Thursday 7 May 2009

The Photographers' Gallery

Maurizio Anzeri's collection was quite interesting. In his work, he stitches into the surface of black and white, found portraits. He adds physical and psychological layers to each of the portraits. What I can see from his work is that he tries to portray another element of the person in the photograph, whether it be a way to mock them, or a way to bring out an attribute that can't easily be seen. For the picture to the left, what I see that he added in the stitching is a monkey, what that means is completely up to interpretation.


Walead Beshty's abstract photograms were particularly intriguing to me. He creases and rolls photographic paper to create abstract photograms that explore a separation of the physical and image world. Walead Beshty's 4-sided pull was extremely abstract, with 4 different layers of inter-meshing with each other to create a scenic piece. Walead Beshty’s large-scale photo-graphic works are abstract images that tell the story of their own making. Produced by folding and processing light-sensitive photographic paper, the works develop patterns of angles, creases and folds.

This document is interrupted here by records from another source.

lemma sumF_coeff_eq_card_ties:
  assumes "finite S" and s: "s \<in> sorted_with_content n \<alpha>"
  shows "sumF_coeff n S \<alpha> = card {w \<in> S. Des n w \<inter> ties s = {}}"
proof -
  have "sorted_with_content n \<alpha> = {s}"
    using s sorted_with_content_unique by blast
  then have "F_coeff n (Des n w) \<alpha> = (if Des n w \<inter> ties s = {} then 1 else 0)" for w
    by (simp add: F_coeff_eq_card_ties Collect_conj_eq)
  then show ?thesis
    using assms(1) by (simp add: sumF_coeff_def sum.If_cases Int_def)
qed

lemma sumF_coeff_eq_0: "sorted_with_content n \<alpha> = {} \<Longrightarrow> sumF_coeff n S \<alpha> = 0"
  by (simp add: sumF_coeff_def F_coeff_eq_card_ties)

lemma symmetric_setI:
  assumes "finite S"
    and count: "\<And>\<alpha> s. s \<in> sorted_with_content n \<alpha> \<Longrightarrow>
      card {w \<in> S. Des n w \<inter> ties s = {}} = G \<alpha>"
    and invariant: "\<And>\<alpha> \<sigma>. bij \<sigma> \<Longrightarrow> G (\<alpha> \<circ> \<sigma>) = G \<alpha>"
  shows "symmetric_set n S"
  unfolding symmetric_set_def
proof (intro allI impI)
  fix \<sigma> \<alpha> :: "nat \<Rightarrow> nat"
  assume "bij \<sigma>"
  show "sumF_coeff n S (\<alpha> \<circ> \<sigma>) = sumF_coeff n S \<alpha>"
  proof (cases "sorted_with_content n \<alpha> = {}")
    case True
    then show ?thesis
      using sorted_with_content_empty_iff[OF \<open>bij \<sigma>\<close>] by (simp add: sumF_coeff_eq_0)
  next
    case False
    then obtain s where s: "s \<in> sorted_with_content n \<alpha>" by blast
    have t: "sort (map (inv \<sigma>) s) \<in> sorted_with_content n (\<alpha> \<circ> \<sigma>)"
      using \<open>bij \<sigma>\<close> s by (rule sort_map_inv_in_sorted_with_content)
    show ?thesis
      using sumF_coeff_eq_card_ties[OF \<open>finite S\<close> s] sumF_coeff_eq_card_ties[OF \<open>finite S\<close> t]
        count[OF s] count[OF t] invariant[OF \<open>bij \<sigma>\<close>] by simp
  qed
qed

lemma ties_Cons_Cons: "ties (x # y # t) = Suc ` ties (y # t) \<union> (if x = y then {1} else {})"
proof -
  have "j \<in> ties (x # y # t) \<longleftrightarrow> j \<in> Suc ` ties (y # t) \<or> (j = 1 \<and> x = y)" for j
    by (cases j) (auto simp: ties_def image_iff nth_Cons' split: if_splits)
  then show ?thesis by auto
qed

lemma card_ties_add_card_set: "sorted s \<Longrightarrow> card (ties s) + card (set s) = length s"
proof (induction s rule: induct_list012)
  case (3 x y t)
  have "x \<in> set (y # t) \<longleftrightarrow> x = y"
    using "3.prems" by (auto simp: antisym)
  moreover have "1 \<notin> Suc ` ties (y # t)" and "finite (ties (y # t))"
    using ties_subset[of "y # t"] by (auto intro: finite_subset)
  moreover have "card (ties (y # t)) + card (set (y # t)) = length (y # t)"
    using "3.IH"(2) "3.prems" by simp
  moreover have "set (x # y # t) = insert x (set (y # t))"
    by simp
  ultimately show ?case
    by (simp add: ties_Cons_Cons card_Un_disjoint card_image card_insert_if del: list.set)
qed (auto simp: ties_def)

lemma set_sorted_with_content:
  assumes "s \<in> sorted_with_content n \<alpha>"
  shows "set s = {k. 0 < \<alpha> k}"
proof -
  have "k \<in> set s \<longleftrightarrow> count_list s k \<noteq> 0" for k
    by (metis count_list_0_iff)
  then show ?thesis
    using assms by (auto simp: sorted_with_content_def)
qed

lemma card_ties_sorted_with_content:
  "s \<in> sorted_with_content n \<alpha> \<Longrightarrow> card (ties s) = n - card {k. 0 < \<alpha> k}"
  using card_ties_add_card_set[of s] set_sorted_with_content[of s n \<alpha>]
  by (simp add: sorted_with_content_def)

lemma sorted_nth_eq_between:
  assumes "sorted s" and "i \<le> j" and "j \<le> k" and "k < length s" and "s ! i = s ! k"
  shows "s ! j = s ! i"
proof -
  have "s ! i \<le> s ! j" and "s ! j \<le> s ! k"
    using assms(1-4) by (simp_all add: sorted_nth_mono)
  then show ?thesis
    using assms(5) by simp
qed

lemma ties_between:
  assumes "sorted s" and "i < j" and "j \<le> k" and "k < length s" and "s ! i = s ! k"
  shows "j \<in> ties s"
proof -
  have "s ! (j - 1) = s ! i" and "s ! j = s ! i"
    using sorted_nth_eq_between[OF assms(1), of i "j - 1" k]
      sorted_nth_eq_between[OF assms(1), of i j k] assms(2-5) by simp_all
  then show ?thesis
    using assms(2-4) by (simp add: ties_def)
qed

lemma singleton_block_iff_no_ties:
  assumes "sorted s" and "j < length s"
  shows "{j'. j' < length s \<and> s ! j' = s ! j} = {j} \<longleftrightarrow> {j, Suc j} \<inter> ties s = {}"
proof
  assume "{j'. j' < length s \<and> s ! j' = s ! j} = {j}"
  then have unique: "j' = j" if "j' < length s" "s ! j' = s ! j" for j'
    using that by blast
  have "j \<notin> ties s"
  proof
    assume "j \<in> ties s"
    then have "1 \<le> j" and "s ! (j - 1) = s ! j"
      by (simp_all add: ties_def)
    moreover have "j - 1 < length s"
      using assms(2) by linarith
    ultimately show False
      using unique[of "j - 1"] by linarith
  qed
  moreover have "Suc j \<notin> ties s"
  proof
    assume "Suc j \<in> ties s"
    then have "Suc j < length s" and "s ! Suc j = s ! j"
      by (simp_all add: ties_def)
    then show False
      using unique[of "Suc j"] by simp
  qed
  ultimately show "{j, Suc j} \<inter> ties s = {}"
    by simp
next
  assume no_ties: "{j, Suc j} \<inter> ties s = {}"
  have "j' = j" if j': "j' < length s" "s ! j' = s ! j" for j'
  proof (rule ccontr)
    assume "j' \<noteq> j"
    then have "j \<in> ties s \<or> Suc j \<in> ties s"
      using ties_between[OF assms(1), of j' j j] ties_between[OF assms(1), of j "Suc j" j'] j' assms(2)
      by (cases "j' < j") simp_all
    with no_ties show False
      by blast
  qed
  then show "{j'. j' < length s \<and> s ! j' = s ! j} = {j}"
    using assms(2) by blast
qed

lemma card_singleton_blocks:
  "card {j. j < length s \<and> {j'. j' < length s \<and> s ! j' = s ! j} = {j}} = card {k. count_list s k = 1}"
proof (rule bij_betw_same_card[of "\<lambda>j. s ! j"], rule bij_betwI')
  fix i j
  assume "i \<in> {j. j < length s \<and> {j'. j' < length s \<and> s ! j' = s ! j} = {j}}"
    and "j \<in> {j. j < length s \<and> {j'. j' < length s \<and> s ! j' = s ! j} = {j}}"
  then have "i < length s" and block: "{j'. j' < length s \<and> s ! j' = s ! j} = {j}"
    by simp_all
  then have "s ! i = s ! j \<Longrightarrow> i = j"
    by (metis (mono_tags, lifting) mem_Collect_eq singletonD)
  then show "s ! i = s ! j \<longleftrightarrow> i = j"
    by blast
next
  fix j assume "j \<in> {j. j < length s \<and> {j'. j' < length s \<and> s ! j' = s ! j} = {j}}"
  then have "card {j'. j' < length s \<and> s ! j' = s ! j} = 1"
    by simp
  then show "s ! j \<in> {k. count_list s k = 1}"
    by (simp add: card_nth_eq_count_list)
next
  fix k assume "k \<in> {k. count_list s k = 1}"
  then have "card {j'. j' < length s \<and> s ! j' = k} = 1"
    by (simp add: card_nth_eq_count_list)
  then obtain j where block: "{j'. j' < length s \<and> s ! j' = k} = {j}"
    by (rule card_1_singletonE)
  then have "j \<in> {j'. j' < length s \<and> s ! j' = k}"
    by simp
  then have "j < length s" and "s ! j = k"
    by simp_all
  with block show "\<exists>j \<in> {j. j < length s \<and> {j'. j' < length s \<and> s ! j' = s ! j} = {j}}. k = s ! j"
    by auto
qed

lemma card_positions_avoiding_ties:
  assumes "sorted s"
  shows "card {i \<in> {1..length s}. {i - 1, i} \<inter> ties s = {}} = card {k. count_list s k = 1}"
proof -
  have "{i \<in> {1..length s}. {i - 1, i} \<inter> ties s = {}} =
      Suc ` {j \<in> {..<length s}. {j, Suc j} \<inter> ties s = {}}"
    unfolding image_Suc_lessThan[symmetric] by auto
  then have "card {i \<in> {1..length s}. {i - 1, i} \<inter> ties s = {}} =
      card {j \<in> {..<length s}. {j, Suc j} \<inter> ties s = {}}"
    by (simp add: card_image)
  also have "\<dots> = card {j. j < length s \<and> {j'. j' < length s \<and> s ! j' = s ! j} = {j}}"
    using singleton_block_iff_no_ties[OF assms] by (intro arg_cong[where f = card]) auto
  also have "\<dots> = card {k. count_list s k = 1}"
    by (rule card_singleton_blocks)
  finally show ?thesis .
qed

lemma adjacent_ties_iff:
  assumes "sorted s"
  shows "(\<exists>j. j \<in> ties s \<and> Suc j \<in> ties s) \<longleftrightarrow> (\<exists>k. 3 \<le> count_list s k)"
proof
  assume "\<exists>j. j \<in> ties s \<and> Suc j \<in> ties s"
  then obtain j where "j \<in> ties s" and "Suc j \<in> ties s"
    by blast
  then have "1 \<le> j" "Suc j < length s" "s ! (j - 1) = s ! j" "s ! j = s ! Suc j"
    by (simp_all add: ties_def)
  then have "{j - 1, j, Suc j} \<subseteq> {j'. j' < length s \<and> s ! j' = s ! j}"
    by auto
  then have "card {j - 1, j, Suc j} \<le> card {j'. j' < length s \<and> s ! j' = s ! j}"
    by (simp add: card_mono)
  moreover have "card {j - 1, j, Suc j} = 3"
    using \<open>1 \<le> j\<close> by (cases j) simp_all
  ultimately have "3 \<le> card {j'. j' < length s \<and> s ! j' = s ! j}"
    by simp
  then show "\<exists>k. 3 \<le> count_list s k"
    by (auto simp: card_nth_eq_count_list)
next
  assume "\<exists>k. 3 \<le> count_list s k"
  then obtain k where "3 \<le> card {j. j < length s \<and> s ! j = k}"
    by (auto simp flip: card_nth_eq_count_list)
  moreover define X where "X = {j. j < length s \<and> s ! j = k}"
  ultimately have "3 \<le> card X" and "finite X"
    by simp_all
  then have "X \<noteq> {}"
    by auto
  have "X \<subseteq> {Min X..Max X}"
    using \<open>finite X\<close> by (simp add: subset_iff)
  then have "card X \<le> Suc (Max X) - Min X"
    using card_mono[of "{Min X..Max X}" X] by simp
  then have "Suc (Suc (Min X)) \<le> Max X"
    using \<open>3 \<le> card X\<close> by linarith
  moreover have "Min X \<in> X" and "Max X \<in> X"
    using \<open>finite X\<close> \<open>X \<noteq> {}\<close> by simp_all
  ultimately have "Suc (Min X) \<in> ties s" and "Suc (Suc (Min X)) \<in> ties s"
    using ties_between[OF assms, of "Min X" _ "Max X"] by (simp_all add: X_def)
  then show "\<exists>j. j \<in> ties s \<and> Suc j \<in> ties s"
    by blast
qed

lemma subset_pair_eq_if_card_ge_2:
  assumes "E \<subseteq> {a, b}" and "2 \<le> card E"
  shows "E = {a, b}"
proof (rule card_seteq)
  show "card {a, b} \<le> card E"
    using assms(2) by (simp add: card_insert_if)
qed (use assms(1) in simp_all)

definition covering_pairs_count :: "nat \<Rightarrow> nat \<Rightarrow> bool \<Rightarrow> nat" where
  "covering_pairs_count n c adjacent =
    (if c = 0 then n else if c = 1 then 2 else if c = 2 \<and> adjacent then 1 else 0)"

lemma card_covering_pairs:
  fixes E :: "nat set"
  assumes "E \<subseteq> {1..n - 1}"
  shows "card {i \<in> {1..n}. E \<subseteq> {i - 1, i}} =
    covering_pairs_count n (card E) (\<exists>j. j \<in> E \<and> Suc j \<in> E)"
proof -
  have "finite E"
    using assms finite_subset by blast
  consider "card E = 0" | "card E = 1" | (adjacent) "card E = 2" "\<exists>j. j \<in> E \<and> Suc j \<in> E"
    | (other) "2 \<le> card E" "\<not> (card E = 2 \<and> (\<exists>j. j \<in> E \<and> Suc j \<in> E))"
    by (metis One_nat_def less_2_cases not_less)
  then show ?thesis
  proof cases
    case 1
    then have "E = {}"
      using \<open>finite E\<close> by simp
    then have "{i \<in> {1..n}. E \<subseteq> {i - 1, i}} = {1..n}"
      by auto
    then show ?thesis
      using 1 by (simp add: covering_pairs_count_def)
  next
    case 2
    then obtain j where "E = {j}"
      by (rule card_1_singletonE)
    moreover have "1 \<le> j" "j < n"
      using assms \<open>E = {j}\<close> by auto
    ultimately have "{i \<in> {1..n}. E \<subseteq> {i - 1, i}} = {j, Suc j}"
      by auto
    then show ?thesis
      using 2 by (simp add: covering_pairs_count_def)
  next
    case adjacent
    then obtain j where pair: "{j, Suc j} \<subseteq> E"
      by blast
    have "card {j, Suc j} = card E"
      using adjacent(1) by simp
    then have "E = {j, Suc j}"
      using card_subset_eq[OF \<open>finite E\<close> pair] by simp
    moreover have "Suc j \<le> n"
      using assms \<open>E = {j, Suc j}\<close> by auto
    ultimately have "{i \<in> {1..n}. E \<subseteq> {i - 1, i}} = {Suc j}"
      by auto
    then show ?thesis
      using adjacent by (simp add: covering_pairs_count_def)
  next
    case other
    have "\<not> E \<subseteq> {i - 1, i}" for i
    proof
      assume "E \<subseteq> {i - 1, i}"
      then have "E = {i - 1, i}"
        using other(1) by (rule subset_pair_eq_if_card_ge_2)
      then have "i - 1 \<in> E" and "Suc (i - 1) \<in> E" and "card E = 2"
        using assms other(1) by (auto simp: card_insert_if)
      with other(2) show False
        by blast
    qed
    then show ?thesis
      using other by (auto simp: covering_pairs_count_def)
  qed
qed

Catherine Yass' series Damage was quite interesting as well. She treats her film transparencies according to their subject matter. She drowns, burns and scrapes colour transparencies of urban scenes, taking the subject matter as the inspiration for its destruction. The scenes of waterways are drowned or representations of gas towers are burnt. The way in which she explores her photography is quite different, but it provides a way of exceeding a simple photograph.